(Collected data)
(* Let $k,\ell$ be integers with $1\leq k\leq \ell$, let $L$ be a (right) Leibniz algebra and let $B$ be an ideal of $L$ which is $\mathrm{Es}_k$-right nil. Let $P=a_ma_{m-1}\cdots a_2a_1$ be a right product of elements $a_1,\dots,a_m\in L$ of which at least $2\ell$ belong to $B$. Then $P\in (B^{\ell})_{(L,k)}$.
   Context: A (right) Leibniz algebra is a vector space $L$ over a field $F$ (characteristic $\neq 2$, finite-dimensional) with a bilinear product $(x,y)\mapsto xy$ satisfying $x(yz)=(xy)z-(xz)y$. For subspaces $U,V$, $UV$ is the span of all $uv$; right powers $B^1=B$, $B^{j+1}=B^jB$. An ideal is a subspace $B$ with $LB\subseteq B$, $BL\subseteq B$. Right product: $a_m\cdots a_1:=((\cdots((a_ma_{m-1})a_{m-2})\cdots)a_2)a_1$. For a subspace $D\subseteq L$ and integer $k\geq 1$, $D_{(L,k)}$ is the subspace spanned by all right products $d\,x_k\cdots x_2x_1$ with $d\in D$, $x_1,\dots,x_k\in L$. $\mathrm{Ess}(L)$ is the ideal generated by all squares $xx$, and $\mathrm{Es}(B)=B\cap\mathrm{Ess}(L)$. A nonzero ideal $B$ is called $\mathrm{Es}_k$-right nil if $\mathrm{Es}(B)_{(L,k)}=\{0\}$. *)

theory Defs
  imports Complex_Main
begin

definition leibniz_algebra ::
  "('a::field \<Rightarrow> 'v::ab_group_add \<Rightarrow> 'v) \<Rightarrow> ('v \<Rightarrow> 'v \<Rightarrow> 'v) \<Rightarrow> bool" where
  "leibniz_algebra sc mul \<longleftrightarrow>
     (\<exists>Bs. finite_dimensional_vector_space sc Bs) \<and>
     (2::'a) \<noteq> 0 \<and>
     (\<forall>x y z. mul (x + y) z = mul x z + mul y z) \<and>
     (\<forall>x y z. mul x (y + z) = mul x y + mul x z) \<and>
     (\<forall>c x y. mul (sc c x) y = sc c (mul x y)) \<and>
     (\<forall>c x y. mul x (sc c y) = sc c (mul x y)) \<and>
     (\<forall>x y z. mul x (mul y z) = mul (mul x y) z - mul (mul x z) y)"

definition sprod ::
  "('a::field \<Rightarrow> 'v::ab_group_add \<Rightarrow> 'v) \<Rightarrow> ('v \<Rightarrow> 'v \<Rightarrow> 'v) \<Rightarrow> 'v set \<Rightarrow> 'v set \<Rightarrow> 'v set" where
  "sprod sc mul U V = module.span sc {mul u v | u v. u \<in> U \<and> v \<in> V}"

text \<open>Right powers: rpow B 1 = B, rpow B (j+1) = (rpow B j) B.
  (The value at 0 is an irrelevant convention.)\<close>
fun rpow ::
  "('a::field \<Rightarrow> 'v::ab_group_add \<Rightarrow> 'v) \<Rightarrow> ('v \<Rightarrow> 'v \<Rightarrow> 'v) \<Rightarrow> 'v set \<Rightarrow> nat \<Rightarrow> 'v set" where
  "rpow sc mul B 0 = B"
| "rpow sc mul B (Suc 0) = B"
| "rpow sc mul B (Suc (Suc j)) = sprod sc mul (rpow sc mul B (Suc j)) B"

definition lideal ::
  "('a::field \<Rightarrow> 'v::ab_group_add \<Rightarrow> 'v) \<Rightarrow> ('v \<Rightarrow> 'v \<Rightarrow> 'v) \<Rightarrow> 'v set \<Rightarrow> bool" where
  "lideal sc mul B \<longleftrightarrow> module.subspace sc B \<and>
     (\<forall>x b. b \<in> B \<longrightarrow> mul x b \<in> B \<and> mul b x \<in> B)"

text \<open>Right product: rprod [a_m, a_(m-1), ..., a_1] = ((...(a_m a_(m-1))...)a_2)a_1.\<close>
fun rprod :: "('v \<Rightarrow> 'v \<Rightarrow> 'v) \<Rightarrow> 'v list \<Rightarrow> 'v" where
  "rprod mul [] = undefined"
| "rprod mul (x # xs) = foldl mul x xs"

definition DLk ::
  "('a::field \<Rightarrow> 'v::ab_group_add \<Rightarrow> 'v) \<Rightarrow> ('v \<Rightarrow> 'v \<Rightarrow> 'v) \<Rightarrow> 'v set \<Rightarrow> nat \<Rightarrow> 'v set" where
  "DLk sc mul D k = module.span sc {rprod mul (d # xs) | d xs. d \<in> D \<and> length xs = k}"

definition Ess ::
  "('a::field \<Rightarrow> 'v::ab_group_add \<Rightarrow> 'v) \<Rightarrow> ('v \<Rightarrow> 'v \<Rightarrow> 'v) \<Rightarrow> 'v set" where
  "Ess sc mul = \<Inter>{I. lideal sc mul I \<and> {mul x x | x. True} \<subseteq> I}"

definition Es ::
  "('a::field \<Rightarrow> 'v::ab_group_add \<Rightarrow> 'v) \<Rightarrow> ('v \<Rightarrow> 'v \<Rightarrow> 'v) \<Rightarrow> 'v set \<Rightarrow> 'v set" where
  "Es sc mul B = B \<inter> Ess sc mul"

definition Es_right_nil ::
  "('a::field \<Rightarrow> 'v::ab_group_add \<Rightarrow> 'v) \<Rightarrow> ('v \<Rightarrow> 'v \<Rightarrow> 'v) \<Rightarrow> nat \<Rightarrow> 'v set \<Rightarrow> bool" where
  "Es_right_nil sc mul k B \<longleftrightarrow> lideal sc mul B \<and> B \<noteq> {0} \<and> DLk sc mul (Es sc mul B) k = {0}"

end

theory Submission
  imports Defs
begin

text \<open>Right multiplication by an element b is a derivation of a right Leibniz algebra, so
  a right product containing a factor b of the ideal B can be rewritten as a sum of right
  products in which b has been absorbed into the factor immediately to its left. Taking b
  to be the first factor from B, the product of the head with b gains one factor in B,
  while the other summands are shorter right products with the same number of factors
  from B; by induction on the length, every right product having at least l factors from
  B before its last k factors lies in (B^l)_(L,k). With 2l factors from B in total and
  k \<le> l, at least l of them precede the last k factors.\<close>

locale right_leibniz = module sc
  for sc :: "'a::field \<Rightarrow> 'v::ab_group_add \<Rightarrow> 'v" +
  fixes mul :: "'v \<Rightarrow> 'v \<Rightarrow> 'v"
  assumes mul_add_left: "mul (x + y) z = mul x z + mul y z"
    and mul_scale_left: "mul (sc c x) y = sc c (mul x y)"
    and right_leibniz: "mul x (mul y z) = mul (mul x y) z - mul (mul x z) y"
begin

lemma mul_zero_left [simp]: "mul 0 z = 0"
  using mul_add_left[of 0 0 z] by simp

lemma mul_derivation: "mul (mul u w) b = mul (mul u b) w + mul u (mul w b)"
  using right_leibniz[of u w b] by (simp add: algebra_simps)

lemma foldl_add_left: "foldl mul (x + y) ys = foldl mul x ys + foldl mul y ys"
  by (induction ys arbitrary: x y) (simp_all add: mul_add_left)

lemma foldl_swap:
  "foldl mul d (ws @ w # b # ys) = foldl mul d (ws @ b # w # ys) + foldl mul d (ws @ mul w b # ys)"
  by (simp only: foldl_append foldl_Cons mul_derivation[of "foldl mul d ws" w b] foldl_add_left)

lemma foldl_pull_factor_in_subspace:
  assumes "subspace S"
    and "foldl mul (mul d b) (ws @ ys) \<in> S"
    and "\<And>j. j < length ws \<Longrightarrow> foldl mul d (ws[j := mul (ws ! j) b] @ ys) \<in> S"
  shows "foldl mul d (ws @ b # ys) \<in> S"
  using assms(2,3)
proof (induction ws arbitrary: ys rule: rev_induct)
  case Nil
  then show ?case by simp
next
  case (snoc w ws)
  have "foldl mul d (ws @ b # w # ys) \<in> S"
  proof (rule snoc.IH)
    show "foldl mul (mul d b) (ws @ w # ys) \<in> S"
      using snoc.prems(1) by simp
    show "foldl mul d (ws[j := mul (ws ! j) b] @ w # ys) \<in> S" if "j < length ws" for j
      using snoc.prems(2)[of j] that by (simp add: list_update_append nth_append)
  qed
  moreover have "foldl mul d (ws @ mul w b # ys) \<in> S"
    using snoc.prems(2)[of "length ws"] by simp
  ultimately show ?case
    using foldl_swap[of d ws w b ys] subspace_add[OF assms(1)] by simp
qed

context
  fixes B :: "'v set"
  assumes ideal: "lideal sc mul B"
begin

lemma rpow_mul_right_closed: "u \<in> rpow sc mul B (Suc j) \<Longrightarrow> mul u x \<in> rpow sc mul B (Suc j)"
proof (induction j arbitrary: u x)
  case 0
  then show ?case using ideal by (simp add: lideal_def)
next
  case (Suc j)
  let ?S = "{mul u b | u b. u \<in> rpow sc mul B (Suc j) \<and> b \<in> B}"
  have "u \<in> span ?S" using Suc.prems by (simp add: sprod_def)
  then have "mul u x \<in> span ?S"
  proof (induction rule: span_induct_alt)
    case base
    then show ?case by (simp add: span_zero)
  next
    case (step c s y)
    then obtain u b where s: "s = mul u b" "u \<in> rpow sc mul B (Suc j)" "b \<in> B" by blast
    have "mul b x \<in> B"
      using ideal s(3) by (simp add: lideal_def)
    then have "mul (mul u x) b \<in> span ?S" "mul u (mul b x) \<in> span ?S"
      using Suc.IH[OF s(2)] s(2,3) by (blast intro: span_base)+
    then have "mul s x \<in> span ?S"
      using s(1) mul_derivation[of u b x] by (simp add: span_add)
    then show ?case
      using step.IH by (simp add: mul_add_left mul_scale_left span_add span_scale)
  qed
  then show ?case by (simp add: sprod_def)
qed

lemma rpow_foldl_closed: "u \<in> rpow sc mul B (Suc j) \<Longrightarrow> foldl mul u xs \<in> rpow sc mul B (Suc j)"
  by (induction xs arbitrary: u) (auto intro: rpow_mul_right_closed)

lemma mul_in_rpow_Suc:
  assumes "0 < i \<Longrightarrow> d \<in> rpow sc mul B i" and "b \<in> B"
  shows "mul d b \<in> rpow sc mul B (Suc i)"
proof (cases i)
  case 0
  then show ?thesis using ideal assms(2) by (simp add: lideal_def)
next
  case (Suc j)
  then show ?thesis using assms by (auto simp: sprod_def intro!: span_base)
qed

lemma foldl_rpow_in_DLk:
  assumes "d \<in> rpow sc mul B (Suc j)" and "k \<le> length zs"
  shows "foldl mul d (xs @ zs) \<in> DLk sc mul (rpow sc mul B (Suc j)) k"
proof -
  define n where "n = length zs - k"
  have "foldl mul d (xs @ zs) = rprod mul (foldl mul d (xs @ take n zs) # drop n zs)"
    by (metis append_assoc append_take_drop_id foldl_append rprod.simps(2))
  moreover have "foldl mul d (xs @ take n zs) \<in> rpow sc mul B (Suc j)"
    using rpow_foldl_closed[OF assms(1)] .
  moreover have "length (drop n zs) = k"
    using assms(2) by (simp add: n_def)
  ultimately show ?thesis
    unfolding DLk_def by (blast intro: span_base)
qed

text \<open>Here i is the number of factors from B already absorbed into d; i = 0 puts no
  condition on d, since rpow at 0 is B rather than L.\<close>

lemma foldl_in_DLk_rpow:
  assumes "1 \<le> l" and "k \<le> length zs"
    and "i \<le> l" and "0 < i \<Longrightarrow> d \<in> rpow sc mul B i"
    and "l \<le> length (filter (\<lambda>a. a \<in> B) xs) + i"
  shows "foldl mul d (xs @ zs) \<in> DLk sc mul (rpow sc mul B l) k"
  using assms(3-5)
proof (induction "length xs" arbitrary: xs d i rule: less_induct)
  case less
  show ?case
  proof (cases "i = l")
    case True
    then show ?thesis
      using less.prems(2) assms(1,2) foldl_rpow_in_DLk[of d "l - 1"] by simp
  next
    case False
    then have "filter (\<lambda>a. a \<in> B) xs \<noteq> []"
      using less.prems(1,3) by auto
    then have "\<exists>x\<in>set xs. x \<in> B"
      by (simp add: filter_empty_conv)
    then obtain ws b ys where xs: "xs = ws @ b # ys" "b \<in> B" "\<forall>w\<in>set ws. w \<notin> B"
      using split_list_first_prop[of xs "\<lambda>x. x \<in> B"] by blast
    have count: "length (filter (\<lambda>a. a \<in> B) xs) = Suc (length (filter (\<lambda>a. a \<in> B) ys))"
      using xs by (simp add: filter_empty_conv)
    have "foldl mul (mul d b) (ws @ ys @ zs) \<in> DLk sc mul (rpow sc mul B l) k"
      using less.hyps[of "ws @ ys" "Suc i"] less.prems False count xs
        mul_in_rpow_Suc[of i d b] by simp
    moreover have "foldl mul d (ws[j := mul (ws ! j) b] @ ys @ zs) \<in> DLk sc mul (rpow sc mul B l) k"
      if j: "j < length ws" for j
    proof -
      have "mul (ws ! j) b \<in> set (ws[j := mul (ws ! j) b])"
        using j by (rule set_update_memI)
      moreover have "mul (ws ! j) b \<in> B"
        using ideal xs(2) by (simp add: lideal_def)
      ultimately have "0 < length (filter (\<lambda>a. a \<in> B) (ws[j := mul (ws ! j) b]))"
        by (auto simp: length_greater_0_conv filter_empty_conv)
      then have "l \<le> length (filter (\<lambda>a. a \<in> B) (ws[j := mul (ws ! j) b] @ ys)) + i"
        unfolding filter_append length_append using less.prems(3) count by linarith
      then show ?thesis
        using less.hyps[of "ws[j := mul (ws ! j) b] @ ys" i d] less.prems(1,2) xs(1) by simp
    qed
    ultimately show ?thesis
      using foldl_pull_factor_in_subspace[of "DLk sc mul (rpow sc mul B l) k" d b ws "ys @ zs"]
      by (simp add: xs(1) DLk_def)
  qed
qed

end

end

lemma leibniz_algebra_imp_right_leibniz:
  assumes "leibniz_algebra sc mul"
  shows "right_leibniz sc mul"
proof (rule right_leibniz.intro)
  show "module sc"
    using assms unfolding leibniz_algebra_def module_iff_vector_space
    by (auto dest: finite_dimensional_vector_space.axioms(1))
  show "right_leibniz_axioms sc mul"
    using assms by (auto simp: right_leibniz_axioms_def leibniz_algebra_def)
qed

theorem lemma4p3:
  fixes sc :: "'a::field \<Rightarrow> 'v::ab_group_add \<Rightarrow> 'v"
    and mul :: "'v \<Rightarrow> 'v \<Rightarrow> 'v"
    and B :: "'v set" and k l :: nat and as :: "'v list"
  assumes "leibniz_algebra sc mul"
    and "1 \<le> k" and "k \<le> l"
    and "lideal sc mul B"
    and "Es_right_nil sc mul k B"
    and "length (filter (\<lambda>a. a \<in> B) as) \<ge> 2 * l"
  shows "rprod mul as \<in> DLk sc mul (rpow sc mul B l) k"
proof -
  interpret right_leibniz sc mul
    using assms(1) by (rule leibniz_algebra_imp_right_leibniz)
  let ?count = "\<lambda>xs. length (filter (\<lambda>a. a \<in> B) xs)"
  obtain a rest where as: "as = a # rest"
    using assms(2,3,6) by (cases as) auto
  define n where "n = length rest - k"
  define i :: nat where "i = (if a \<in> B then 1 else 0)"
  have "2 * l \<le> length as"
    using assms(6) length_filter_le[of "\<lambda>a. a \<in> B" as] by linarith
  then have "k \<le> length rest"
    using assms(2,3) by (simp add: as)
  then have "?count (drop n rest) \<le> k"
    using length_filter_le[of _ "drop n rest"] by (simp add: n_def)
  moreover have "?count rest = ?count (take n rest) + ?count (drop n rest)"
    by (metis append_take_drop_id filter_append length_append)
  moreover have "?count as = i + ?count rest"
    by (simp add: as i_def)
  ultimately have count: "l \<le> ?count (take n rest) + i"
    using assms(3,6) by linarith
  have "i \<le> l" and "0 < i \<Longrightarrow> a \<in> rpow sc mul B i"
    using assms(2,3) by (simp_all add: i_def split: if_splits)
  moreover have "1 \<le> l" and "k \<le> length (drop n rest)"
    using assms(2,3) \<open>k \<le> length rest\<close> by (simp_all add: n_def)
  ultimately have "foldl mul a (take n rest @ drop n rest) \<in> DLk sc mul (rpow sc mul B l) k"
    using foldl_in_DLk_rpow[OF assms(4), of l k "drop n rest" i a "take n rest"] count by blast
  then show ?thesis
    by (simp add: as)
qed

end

THE TASK: Each line that holds the string "fixes" is to be copied from the entries above.

EXERCISE OUTPUT:
  fixes mul :: "'v \<Rightarrow> 'v \<Rightarrow> 'v"
  fixes B :: "'v set"
  fixes sc :: "'a::field \<Rightarrow> 'v::ab_group_add \<Rightarrow> 'v"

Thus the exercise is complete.